Dual writes (with caution). The routing layer or application writes to both systems. Reads go to one (usually legacy until the new system is trusted).

This works for:

• Transitional periods
• Low-write scenarios
• When you need to validate the new system before trusting it

The risk: dual write failure modes are nasty. What happens when one write succeeds and the other fails?

Event-driven approach. Changes publish events; both systems subscribe and update their own state. Over time, the new system becomes the source of truth.

This works when:

• You’re building event infrastructure anyway
• The domain can be modeled as events
• You have expertise in event-driven patterns

The risk: complexity of event infrastructure and eventual consistency reasoning.

There’s no perfect solution. Pick based on your constraints and accept that data migration is the hard part of any strangler project.

Practical Migration Flow

A realistic strangler migration looks like this:

Phase 1: Establish the routing layer.

Before migrating anything, put the routing infrastructure in place. Route 100% of traffic to legacy. Verify that the routing layer itself doesn’t break anything.

Phase 2: Build the first new component.

Pick a relatively isolated piece of functionality. Build it in the new system. Get it working with test traffic or a small percentage of real traffic.

Phase 3: Gradual cutover.

Route increasing percentages of traffic to the new component. 1%, 10%, 50%, 100%. Monitor for errors, latency, and correctness at each step. Roll back if problems appear.

Phase 4: Iterate.

Repeat phases 2-3 for additional components. Each iteration builds confidence and infrastructure that makes subsequent migrations easier.

Phase 5: Decommission.

When legacy handles no traffic, turn it off.
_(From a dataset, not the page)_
(* Let $\Gamma$ be a Lie group with a left invariant metric, $\Gamma_0\triangleleft\Gamma$ the connected component of the identity, $\Gamma_i$ a sequence of discrete groups, and $f_i:\Gamma_i\to\Gamma$ a clean discrete approximation. Let $r>0$ be such that $B_e(r,\Gamma)\subset\Gamma_0$, and for each $i$ let $G_i\leq\Gamma_i$ be the subgroup generated by $f_i^{-1}(B_e(r,\Gamma))$. Then for large enough $i$ there is a surjective group morphism $\Gamma_i/G_i\to\Gamma/\Gamma_0$.
   Context: A sequence $f_i:\Gamma_i\to\Gamma$ is a discrete approximation if there is $R_0>0$ such that for large $i$, $f_i^{-1}(B_e(R_0,\Gamma))$ generates $\Gamma_i$ and contains the identity, and for every $R,\varepsilon>0$ there is $i_0$ with, for $i\geq i_0$: $f_i^{-1}(B_e(R,\Gamma))$ is finite; $f_i(\Gamma_i)$ meets each $\varepsilon$-ball centered in $B_e(R,\Gamma)$; and $d(f_i(g_1g_2^{-1}),f_i(g_1)f_i(g_2^{-1}))\leq\varepsilon$ for $g_1,g_2\in f_i^{-1}(B_e(R,\Gamma))$. (For large $i$ the subgroup $G_i$ is normal in $\Gamma_i$, so $\Gamma_i/G_i$ is a group.) A generating subset $S$ of a group $G$ containing the identity is a determining set if $G$ has a presentation $\langle S\mid\mathcal{R}\rangle$ with all relators words of length $3$ in $S\cup S^{-1}$. The approximation is clean if there are an open generating set $S_0\subset\Gamma$, a compact $K_0\subset\Gamma$, and for large $i$ symmetric determining sets $S_i\subset\Gamma_i$ with $f_i^{-1}(S_0)\subset S_i\subset f_i^{-1}(K_0)$. *)

theory Defs
  imports "HOL-Analysis.Analysis" "HOL-Algebra.Coset" "HOL-Algebra.Generated_Groups"
begin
Ideally keep it around in read-only mode briefly, in case you need historical data or want to verify the new system.

What Actually Goes Wrong

Underestimating coupling. “These components are independent” turns out to mean “these components share seventeen undocumented dependencies.” Discovery of coupling mid-migration is demoralizing.

Data migration gets stuck. The dual-system data situation was supposed to be temporary but becomes permanent. Both systems accumulate divergent data. Nobody wants to touch it.

New system becomes legacy too. The migration takes so long that the “new” system’s architecture becomes outdated before it’s complete. You’re migrating from one legacy system to another.

Business changes during migration. The target you’re migrating toward shifts as business requirements evolve. Scope creep is real.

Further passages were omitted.